Some other factors that would play a significant role in the choices made by the first continent’s aliens in their behavior toward the second continent’s aliens include the events of the first contact. If the second continent’s aliens acted in a hostile way, this would push the decision toward either ranking them as animals or regarding them with fear. If they had instead acted as they would have to visit by aliens of their own species, others living on their continent, in a hospitable way, the first continent’s visitors may take back the impression that they were just equivalent aliens, who had very dissimilar appearances. The size of the population of aliens on the second continent would also figure into this decision. If the second continent were larger and densely populated, this would be more likely to have them classified as equivalent aliens, but regarded with fear. Numbers have a way of translating into quantitative capability to pose a threat, and it would likely be obvious that there is a possibility that with some passage of time, the ability to navigate the seas would pass to the second continent’s aliens and they could visit the first continent.
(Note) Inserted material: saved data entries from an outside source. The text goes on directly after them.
(* Let $B=B(x,r)\subset\mathbb{R}^n$ be any ball. There exists a constant $c=c(n)>0$ such that for any non-constant harmonic function $u$ defined in $2B$ satisfying $u(x)\geq 0$, we have $$\sup_{\frac43 B} u\geq c\,\sup_B|u|.$$
   Context: For a ball $B=B(x,r)$ and $k>0$, $kB=B(x,kr)$. *)

theory Defs
  imports "HOL-Analysis.Analysis"
begin

text \<open>Classical harmonic function on an open set S: u is C^2 on S and its Laplacian
  (trace of the Hessian) vanishes. grad x is the gradient of u at x, hess x is the
  (Frechet) derivative of the gradient at x, a linear map; the Laplacian is
  the sum over the basis vectors i of (hess x i) dot i.\<close>
definition harmonic_on :: "('a::euclidean_space \<Rightarrow> real) \<Rightarrow> 'a set \<Rightarrow> bool" where
  "harmonic_on u S \<longleftrightarrow> open S \<and>
     (\<exists>grad :: 'a \<Rightarrow> 'a. \<exists>hess :: 'a \<Rightarrow> 'a \<Rightarrow> 'a.
        (\<forall>x\<in>S. (u has_derivative (\<lambda>h. grad x \<bullet> h)) (at x)) \<and>
        (\<forall>x\<in>S. (grad has_derivative hess x) (at x)) \<and>
        (\<forall>i\<in>Basis. continuous_on S (\<lambda>x. hess x i)) \<and>
        (\<forall>x\<in>S. (\<Sum>i\<in>Basis. hess x i \<bullet> i) = 0))"

end

theory Submission
  imports Defs
begin

text \<open>
  Harmonic functions satisfy a weighted mean value property with the weight
  \<open>bump z = max 0 (1 - \<bar>z\<bar>\<^sup>2) ^ 3\<close>: the integral of \<open>bump z * v (p + \<rho> z)\<close> does not depend
  on \<open>\<rho>\<close>. Its \<open>\<rho>\<close>-derivative is the integral of \<open>bump z * (\<nabla>v (p + \<rho> z) \<bullet> z)\<close>, and since
  \<open>bump z *\<^sub>R z\<close> is the gradient of \<open>bump_potential z = - max 0 (1 - \<bar>z\<bar>\<^sup>2) ^ 4 / 8\<close>,
  integration by parts turns it into \<open>- \<rho>\<close> times the integral of
  \<open>bump_potential z * \<Delta>v (p + \<rho> z)\<close>, which vanishes.

  Let \<open>M\<close> be the supremum of \<open>u\<close> on \<open>4/3 B\<close>, so \<open>M \<ge> u x \<ge> 0\<close>, and apply this to the
  nonnegative harmonic function \<open>w = M - u\<close>. For \<open>y \<in> B\<close>, the weight of radius \<open>r/6\<close>
  centred at \<open>y\<close> is at most \<open>(64/15)\<^sup>3\<close> times the weight of radius \<open>4r/3\<close> centred at \<open>x\<close>,
  so comparing the two mean values gives \<open>w y \<le> C * w x \<le> C * M\<close> with
  \<open>C = 8\<^sup>n (64/15)\<^sup>3\<close>. Hence \<open>-u y \<le> C * M\<close> and \<open>u y \<le> M\<close> on \<open>B\<close>.
\<close>

lemma continuous_on_cutoff_mult:
  fixes c f :: "'b::topological_space \<Rightarrow> real"
  assumes "open A" "continuous_on A f" "continuous_on T c" "closed K" "T \<inter> K \<subseteq> A"
    and "\<And>y. y \<in> T \<Longrightarrow> y \<notin> K \<Longrightarrow> c y = 0"
  shows "continuous_on T (\<lambda>y. c y * f y)"
proof -
  have T: "(T \<inter> A) \<union> (T - K) = T"
    using assms(5) by auto
  have "continuous_on ((T \<inter> A) \<union> (T - K)) (\<lambda>y. c y * f y)"
  proof (rule continuous_on_Un_local_open)
    show "openin (top_of_set (T \<inter> A \<union> (T - K))) (T \<inter> A)"
      unfolding T using assms(1) by (rule openin_open_Int)
    show "openin (top_of_set (T \<inter> A \<union> (T - K))) (T - K)"
      using openin_open_Int[of "- K" T] assms(4) unfolding T by (simp add: Diff_eq open_Compl)
    show "continuous_on (T \<inter> A) (\<lambda>y. c y * f y)"
      by (intro continuous_intros continuous_on_subset[OF assms(3)] continuous_on_subset[OF assms(2)]) auto
    show "continuous_on (T - K) (\<lambda>y. c y * f y)"
      by (rule continuous_on_eq[where f="\<lambda>_. 0"]) (use assms(6) in auto)
  qed
  then show ?thesis
    unfolding T .
qed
Would it be seen as an insuperable problem to deal with a large number of these alternate aliens? Numbers may also have a protective role.

Aliens from the first continent may be of an analytic bent, and want to know more of the second continent’s aliens before establishing any policy for dealing with them. This would be setting up further voyages, perhaps a mission, perhaps exploration of other areas of the continent’s coastline, perhaps inviting others with different perspectives to meet the new species of aliens, and perhaps something else.

Note one thing. Precedent can play an important role in deciding the memes for inter-alien contact. A civilization which has had no such contact, and is not lucky enough to have had a second intelligent species within their own solar system will have to reach back into their history, very far indeed, to think through options for inter-alien contact protocols. And it is a meme which will be developed, rather than something based on reason or rationality, as the universe does not provide any alien species with a reason for doing things. They have to choose it.

One last point. If there were two planets, each orbiting a different star in a binary or multiple system, and both of them evolved intelligent life-forms, there could be an intermediate stage between interplanetary inter-alien contact and interstellar inter-alien contact. The distances involved would be more than interplanetary transits, but nothing like average interstellar separations. In the best case situation, the two alien species would regard their contact as mutually beneficial, and seek more. This might influence the star travel memes that each of them develops.